#### [EXERCISE DESCRIPTION]
Return only those lines of the records below in which "assms" appears.
[MATERIALS PROVIDED]
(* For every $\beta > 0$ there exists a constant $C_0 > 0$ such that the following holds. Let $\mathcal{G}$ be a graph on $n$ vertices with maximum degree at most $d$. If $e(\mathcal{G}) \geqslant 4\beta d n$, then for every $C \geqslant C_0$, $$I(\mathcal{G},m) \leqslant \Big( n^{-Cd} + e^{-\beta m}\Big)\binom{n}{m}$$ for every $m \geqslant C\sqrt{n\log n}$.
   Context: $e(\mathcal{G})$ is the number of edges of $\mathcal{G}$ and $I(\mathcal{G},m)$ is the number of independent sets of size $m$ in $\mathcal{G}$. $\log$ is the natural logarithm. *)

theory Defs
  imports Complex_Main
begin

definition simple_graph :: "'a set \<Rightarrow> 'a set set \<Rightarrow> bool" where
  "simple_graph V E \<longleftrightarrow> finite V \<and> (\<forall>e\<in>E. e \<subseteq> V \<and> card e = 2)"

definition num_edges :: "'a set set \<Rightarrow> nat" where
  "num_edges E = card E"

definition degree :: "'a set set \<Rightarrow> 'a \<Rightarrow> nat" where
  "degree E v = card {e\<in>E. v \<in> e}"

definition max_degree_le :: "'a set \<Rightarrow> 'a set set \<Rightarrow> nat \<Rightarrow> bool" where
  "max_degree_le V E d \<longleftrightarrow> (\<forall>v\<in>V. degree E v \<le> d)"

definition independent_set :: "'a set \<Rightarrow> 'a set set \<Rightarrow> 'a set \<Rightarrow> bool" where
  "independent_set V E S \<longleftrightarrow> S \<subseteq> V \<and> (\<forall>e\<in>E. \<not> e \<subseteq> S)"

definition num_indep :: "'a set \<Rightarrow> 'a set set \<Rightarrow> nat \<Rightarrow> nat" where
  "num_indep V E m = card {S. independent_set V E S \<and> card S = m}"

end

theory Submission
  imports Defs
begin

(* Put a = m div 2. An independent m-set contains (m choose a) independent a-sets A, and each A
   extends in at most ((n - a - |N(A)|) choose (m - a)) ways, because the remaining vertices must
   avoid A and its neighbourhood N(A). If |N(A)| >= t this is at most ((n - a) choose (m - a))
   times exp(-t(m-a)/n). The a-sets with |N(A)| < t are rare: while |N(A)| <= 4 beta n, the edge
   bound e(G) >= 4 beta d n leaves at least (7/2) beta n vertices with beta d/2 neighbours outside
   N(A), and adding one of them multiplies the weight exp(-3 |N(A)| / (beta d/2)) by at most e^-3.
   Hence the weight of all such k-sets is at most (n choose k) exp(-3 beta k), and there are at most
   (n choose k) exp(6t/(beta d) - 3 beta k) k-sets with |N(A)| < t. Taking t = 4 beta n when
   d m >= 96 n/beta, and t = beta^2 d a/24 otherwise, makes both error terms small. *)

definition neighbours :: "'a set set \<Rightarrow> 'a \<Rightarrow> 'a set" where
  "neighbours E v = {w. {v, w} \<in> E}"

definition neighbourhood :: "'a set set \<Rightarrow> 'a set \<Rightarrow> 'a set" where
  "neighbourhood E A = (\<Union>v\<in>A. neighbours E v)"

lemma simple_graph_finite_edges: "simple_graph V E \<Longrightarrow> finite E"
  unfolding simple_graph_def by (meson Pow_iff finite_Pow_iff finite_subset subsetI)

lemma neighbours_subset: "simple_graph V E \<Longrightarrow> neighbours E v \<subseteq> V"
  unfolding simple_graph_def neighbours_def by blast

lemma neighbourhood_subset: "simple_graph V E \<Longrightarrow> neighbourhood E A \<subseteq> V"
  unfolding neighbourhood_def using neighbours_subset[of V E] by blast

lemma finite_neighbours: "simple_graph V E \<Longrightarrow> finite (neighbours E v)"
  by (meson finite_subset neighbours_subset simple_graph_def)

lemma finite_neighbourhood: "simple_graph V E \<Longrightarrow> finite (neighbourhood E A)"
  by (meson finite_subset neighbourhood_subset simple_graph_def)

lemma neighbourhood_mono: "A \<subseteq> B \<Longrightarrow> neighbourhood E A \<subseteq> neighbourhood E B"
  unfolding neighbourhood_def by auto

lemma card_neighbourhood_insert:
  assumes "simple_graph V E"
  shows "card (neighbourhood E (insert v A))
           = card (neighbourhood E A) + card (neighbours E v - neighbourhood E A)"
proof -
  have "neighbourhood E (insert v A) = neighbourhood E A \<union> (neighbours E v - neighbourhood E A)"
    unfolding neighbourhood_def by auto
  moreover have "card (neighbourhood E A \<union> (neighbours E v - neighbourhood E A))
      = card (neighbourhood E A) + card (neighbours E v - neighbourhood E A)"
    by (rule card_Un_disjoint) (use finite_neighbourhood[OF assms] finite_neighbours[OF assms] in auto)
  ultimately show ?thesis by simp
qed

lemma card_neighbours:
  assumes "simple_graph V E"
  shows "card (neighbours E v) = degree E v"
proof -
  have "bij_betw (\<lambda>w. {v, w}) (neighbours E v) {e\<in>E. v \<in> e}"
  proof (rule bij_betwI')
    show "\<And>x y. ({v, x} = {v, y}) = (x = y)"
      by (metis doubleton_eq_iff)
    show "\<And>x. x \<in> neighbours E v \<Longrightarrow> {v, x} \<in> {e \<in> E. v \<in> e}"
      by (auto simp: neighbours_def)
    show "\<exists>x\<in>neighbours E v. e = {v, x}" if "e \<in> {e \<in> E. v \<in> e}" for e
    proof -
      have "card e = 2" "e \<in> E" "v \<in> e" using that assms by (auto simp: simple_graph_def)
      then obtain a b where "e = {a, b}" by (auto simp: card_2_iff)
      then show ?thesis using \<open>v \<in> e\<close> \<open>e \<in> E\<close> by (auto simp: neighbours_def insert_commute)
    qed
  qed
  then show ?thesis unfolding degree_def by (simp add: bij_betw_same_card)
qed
[/MATERIALS PROVIDED]
#### [OUTPUT]
    by (rule card_Un_disjoint) (use finite_neighbourhood[OF assms] finite_neighbours[OF assms] in auto)
      have "card e = 2" "e \<in> E" "v \<in> e" using that assms by (auto simp: simple_graph_def)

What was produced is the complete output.